6. On the decided cases it seems settled that a mistake, to be apparent from the record within the meaning of Section 154 of the Act, ought to be a mistake which does not require any elucidation or debate for its discovery.

7. For the department reliance was placed upon Maharana Mills (P.) Ltd. v. Income-tax Officer : [1959]36ITR350(SC) , wherein the Supreme Court held that a mistake contemplated by the section is not one which is to be discovered as a result of an argument. It was held that if on checking up it is found that the previous calculations were wrong, the officer could correct it after making fresh calculations. This was a case of an apparent arithmetical error. The case is, therefore, distinguishable.

8. In Walchand Nagar Industries Ltd. v. V.S. Gaitonde, Income-tax Officer : [1962]44ITR260(Bom) , the rectification was based upon a Supreme Court decision. The effect of the decision of the Supreme Court was that the levy of excess dividend tax was at no time good, and, therefore, the assessment order made by the Income-tax Officer levying excess dividend tax was bad on the date it was made. Such mistake was apparent from the record and was rectifiable. This case is not helpful, because in the present case no binding declaration of law had been made either by the High Court or by the Supreme Court when the rectification order was passed. There is no allegation of finding that the Income-tax Officer was aware even of the conflicting opinion of the Tribunal at the time when he passed the order.
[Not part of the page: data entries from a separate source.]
(* Let $1<A'<A<B$. There exists a constant $C>0$, depending only on $A,A',B$, such that the following holds: if $f\in(\mathscr{A}^{(B)})^n$ satisfies $\|f\|_B<C$, and $Y=X+f(X)$ (where $X=(X_1,\dots,X_n)$ is the tuple of generators) satisfies $\|Y\|_{A'}\le A$, then there exists $G\in(\mathscr{A}^{(A)})^n$ such that $X=G(Y)$ in $(\mathscr{A}^{(A')})^n$.
   Context: $\mathscr{A}=\mathbb{C}\langle X_1,\dots,X_n\rangle$ is the algebra of non-commutative polynomials. For a polynomial $P=\sum_q\lambda_q(P)q$ (sum over monomials $q$) and $A>1$, $\|P\|_A=\sum_q|\lambda_q(P)|A^{\deg q}$; $\mathscr{A}^{(A)}$ is the completion (Banach algebra of absolutely convergent non-commutative power series). For tuples, $\|G\|_A=\max_j\|G_j\|_A$. An element of $\mathscr{A}^{(A)}$ can be evaluated at any $n$-tuple of elements of a Banach algebra of norms at most $A$; in particular $G(Y)$ is defined in $\mathscr{A}^{(A')}$ when $\|Y_j\|_{A'}\le A$. *)

theory Defs
  imports "HOL-Analysis.Analysis"
begin

text \<open>Non-commutative power series in n variables X_0,...,X_{n-1}: a monomial is a
word (list of variable indices), a series is its coefficient function.\<close>

type_synonym ncser = "nat list \<Rightarrow> complex"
9. Similarly, in S.A.L. Narayana Row, Commissioner of Income-tax v. Model Mills Nagpur Ltd. : [1967]64ITR67(SC) the rectification was applied for on the basis of the law declared by the Supreme Court. This case is also distinguishable.

10. The question as to the application of Rule 8 to a seasonal factory in order to work out the extra shift allowance cannot be said to be free from controversy. In two reported decisions, the Punjab High Court had construed Rule 8 in a manner different from the Allahabad High Court: See Commissioner of Income-tax v. Sarveshwar Nath Nigam and Commissioner of Income-tax v. Banarsi Dass and Sons .

11. In T.S. Balaram, Income-tax Officer v. Volkart Brothers : [1971]82ITR50(SC) , the Supreme Court held that a mistake apparent on the record must be an obvious and patent mistake and not something which can be established by a long drawn process of reasoning on points on which there may be conceivably two opinions. A decision on a debatable point of law is not a mistake apparent from the record. If the construction of a particular provision was not free from doubt, it was not open to the Income-tax Officer to go into the true scope of the provisions of the Act in a rectification proceeding under Section 154 of the Income-tax Act. In view of this principle it cannot but be held that the Income-tax Officer was in error in reopening the debatable question of the applicability of Rule 8.

12. Our answer to the question referred to us is in the affirmative, in favour of the assessee and against the department. The assessee will be entitled to costs, which are assessed at Rs. 200.